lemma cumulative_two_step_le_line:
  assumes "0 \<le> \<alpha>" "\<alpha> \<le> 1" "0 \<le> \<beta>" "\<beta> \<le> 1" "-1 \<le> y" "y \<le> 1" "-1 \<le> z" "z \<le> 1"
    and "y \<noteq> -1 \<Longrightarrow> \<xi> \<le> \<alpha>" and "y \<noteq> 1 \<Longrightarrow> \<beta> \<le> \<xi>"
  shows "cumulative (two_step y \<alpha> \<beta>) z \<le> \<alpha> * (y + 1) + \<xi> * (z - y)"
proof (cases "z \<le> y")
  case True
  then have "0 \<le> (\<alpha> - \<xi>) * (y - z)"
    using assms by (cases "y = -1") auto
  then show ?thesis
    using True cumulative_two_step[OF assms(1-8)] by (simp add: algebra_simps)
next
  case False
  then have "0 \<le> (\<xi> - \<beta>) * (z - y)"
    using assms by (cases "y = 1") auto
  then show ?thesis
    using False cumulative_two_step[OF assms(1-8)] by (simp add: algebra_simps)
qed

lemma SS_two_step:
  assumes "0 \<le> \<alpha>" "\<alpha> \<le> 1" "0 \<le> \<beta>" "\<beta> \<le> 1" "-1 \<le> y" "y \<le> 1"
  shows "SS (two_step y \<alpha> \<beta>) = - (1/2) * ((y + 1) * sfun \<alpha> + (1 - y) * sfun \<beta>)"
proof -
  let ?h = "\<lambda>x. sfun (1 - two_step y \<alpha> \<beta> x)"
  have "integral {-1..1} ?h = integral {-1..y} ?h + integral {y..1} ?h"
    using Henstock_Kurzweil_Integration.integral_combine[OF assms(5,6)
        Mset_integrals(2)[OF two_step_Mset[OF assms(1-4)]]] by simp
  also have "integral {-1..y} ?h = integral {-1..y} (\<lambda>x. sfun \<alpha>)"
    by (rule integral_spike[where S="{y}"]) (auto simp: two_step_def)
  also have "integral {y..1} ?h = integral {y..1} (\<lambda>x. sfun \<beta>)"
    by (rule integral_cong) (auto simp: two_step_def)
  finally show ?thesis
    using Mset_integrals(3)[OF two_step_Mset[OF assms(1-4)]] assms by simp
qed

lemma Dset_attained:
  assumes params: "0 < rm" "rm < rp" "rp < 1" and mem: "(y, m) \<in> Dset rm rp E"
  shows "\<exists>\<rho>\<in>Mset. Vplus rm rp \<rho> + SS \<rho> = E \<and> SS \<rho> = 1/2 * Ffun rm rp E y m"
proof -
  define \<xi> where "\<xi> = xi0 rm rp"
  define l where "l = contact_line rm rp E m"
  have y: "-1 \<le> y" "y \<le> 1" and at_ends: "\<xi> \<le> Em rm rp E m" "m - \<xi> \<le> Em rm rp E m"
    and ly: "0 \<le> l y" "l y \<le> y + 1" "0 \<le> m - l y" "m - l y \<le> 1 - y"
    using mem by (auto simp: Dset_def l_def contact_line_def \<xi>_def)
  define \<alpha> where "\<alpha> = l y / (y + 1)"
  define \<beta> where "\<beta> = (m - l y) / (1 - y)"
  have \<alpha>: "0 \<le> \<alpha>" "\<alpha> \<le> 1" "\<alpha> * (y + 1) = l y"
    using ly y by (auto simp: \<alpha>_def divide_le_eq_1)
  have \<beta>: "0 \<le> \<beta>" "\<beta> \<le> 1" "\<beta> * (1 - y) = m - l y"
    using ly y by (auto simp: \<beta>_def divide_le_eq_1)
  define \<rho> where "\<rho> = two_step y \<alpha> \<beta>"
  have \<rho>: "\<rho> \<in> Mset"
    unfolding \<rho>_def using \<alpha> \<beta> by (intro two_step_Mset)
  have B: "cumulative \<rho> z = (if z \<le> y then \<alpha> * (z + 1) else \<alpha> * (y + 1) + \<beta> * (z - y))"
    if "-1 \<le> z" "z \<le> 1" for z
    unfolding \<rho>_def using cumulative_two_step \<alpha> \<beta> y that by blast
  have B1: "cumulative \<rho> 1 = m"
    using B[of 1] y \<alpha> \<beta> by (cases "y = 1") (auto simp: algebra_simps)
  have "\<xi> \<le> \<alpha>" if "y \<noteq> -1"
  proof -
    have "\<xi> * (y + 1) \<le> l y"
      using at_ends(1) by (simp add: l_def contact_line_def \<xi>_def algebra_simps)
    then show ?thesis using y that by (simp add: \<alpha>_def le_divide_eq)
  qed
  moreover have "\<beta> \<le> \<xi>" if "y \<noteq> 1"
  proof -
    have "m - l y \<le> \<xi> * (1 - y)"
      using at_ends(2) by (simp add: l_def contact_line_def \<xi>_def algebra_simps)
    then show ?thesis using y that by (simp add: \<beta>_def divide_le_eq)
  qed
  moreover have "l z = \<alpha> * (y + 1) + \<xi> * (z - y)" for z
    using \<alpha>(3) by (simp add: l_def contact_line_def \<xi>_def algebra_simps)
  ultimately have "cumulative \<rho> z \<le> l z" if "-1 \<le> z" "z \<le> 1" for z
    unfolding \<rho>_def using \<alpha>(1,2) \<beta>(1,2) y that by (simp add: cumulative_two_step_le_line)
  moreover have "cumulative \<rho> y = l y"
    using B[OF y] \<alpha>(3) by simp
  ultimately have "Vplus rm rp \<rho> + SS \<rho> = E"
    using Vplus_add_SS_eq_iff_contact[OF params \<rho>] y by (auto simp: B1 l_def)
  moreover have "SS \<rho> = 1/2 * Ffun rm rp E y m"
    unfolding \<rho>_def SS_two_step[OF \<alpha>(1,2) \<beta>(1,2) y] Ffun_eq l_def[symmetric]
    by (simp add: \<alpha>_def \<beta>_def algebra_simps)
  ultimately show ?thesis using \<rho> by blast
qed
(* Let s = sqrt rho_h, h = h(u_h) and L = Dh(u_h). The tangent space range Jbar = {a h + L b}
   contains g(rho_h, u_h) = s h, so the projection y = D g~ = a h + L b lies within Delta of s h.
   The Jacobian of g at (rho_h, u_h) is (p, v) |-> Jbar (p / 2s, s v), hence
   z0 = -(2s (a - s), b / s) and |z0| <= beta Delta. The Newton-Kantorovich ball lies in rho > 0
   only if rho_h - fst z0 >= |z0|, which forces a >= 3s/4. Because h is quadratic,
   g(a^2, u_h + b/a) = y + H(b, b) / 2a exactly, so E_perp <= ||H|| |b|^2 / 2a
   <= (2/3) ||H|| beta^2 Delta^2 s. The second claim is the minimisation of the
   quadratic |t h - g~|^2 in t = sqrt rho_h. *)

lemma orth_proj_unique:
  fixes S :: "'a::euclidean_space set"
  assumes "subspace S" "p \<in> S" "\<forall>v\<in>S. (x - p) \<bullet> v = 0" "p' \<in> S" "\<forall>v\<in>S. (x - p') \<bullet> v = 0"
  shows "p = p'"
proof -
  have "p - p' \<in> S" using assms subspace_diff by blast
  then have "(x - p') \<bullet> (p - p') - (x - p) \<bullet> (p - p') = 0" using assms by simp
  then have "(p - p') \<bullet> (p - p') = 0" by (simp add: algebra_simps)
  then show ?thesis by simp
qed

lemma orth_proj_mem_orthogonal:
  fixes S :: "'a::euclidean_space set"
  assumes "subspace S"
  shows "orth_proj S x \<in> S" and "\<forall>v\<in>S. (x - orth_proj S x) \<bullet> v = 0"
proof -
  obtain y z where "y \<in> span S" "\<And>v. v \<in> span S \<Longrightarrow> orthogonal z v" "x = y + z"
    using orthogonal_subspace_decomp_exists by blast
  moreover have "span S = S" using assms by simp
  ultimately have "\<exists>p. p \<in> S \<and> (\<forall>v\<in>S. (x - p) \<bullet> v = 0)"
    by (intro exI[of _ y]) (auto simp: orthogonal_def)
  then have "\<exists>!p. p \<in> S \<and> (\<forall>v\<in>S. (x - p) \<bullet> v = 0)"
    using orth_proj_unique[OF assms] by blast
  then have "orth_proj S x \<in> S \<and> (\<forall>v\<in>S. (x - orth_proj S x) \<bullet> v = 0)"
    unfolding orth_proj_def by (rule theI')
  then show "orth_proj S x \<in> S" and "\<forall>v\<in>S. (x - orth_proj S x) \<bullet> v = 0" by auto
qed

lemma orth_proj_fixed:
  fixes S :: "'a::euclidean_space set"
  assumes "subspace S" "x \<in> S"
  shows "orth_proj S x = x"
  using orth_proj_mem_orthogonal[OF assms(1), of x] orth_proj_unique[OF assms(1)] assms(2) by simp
···
■ **BRIEF**
Those lines of the records that contain the string "sfun" should be identified and copied.

■ **OUTPUT**
  shows "SS (two_step y \<alpha> \<beta>) = - (1/2) * ((y + 1) * sfun \<alpha> + (1 - y) * sfun \<beta>)"
  let ?h = "\<lambda>x. sfun (1 - two_step y \<alpha> \<beta> x)"
  also have "integral {-1..y} ?h = integral {-1..y} (\<lambda>x. sfun \<alpha>)"
  also have "integral {y..1} ?h = integral {y..1} (\<lambda>x. sfun \<beta>)"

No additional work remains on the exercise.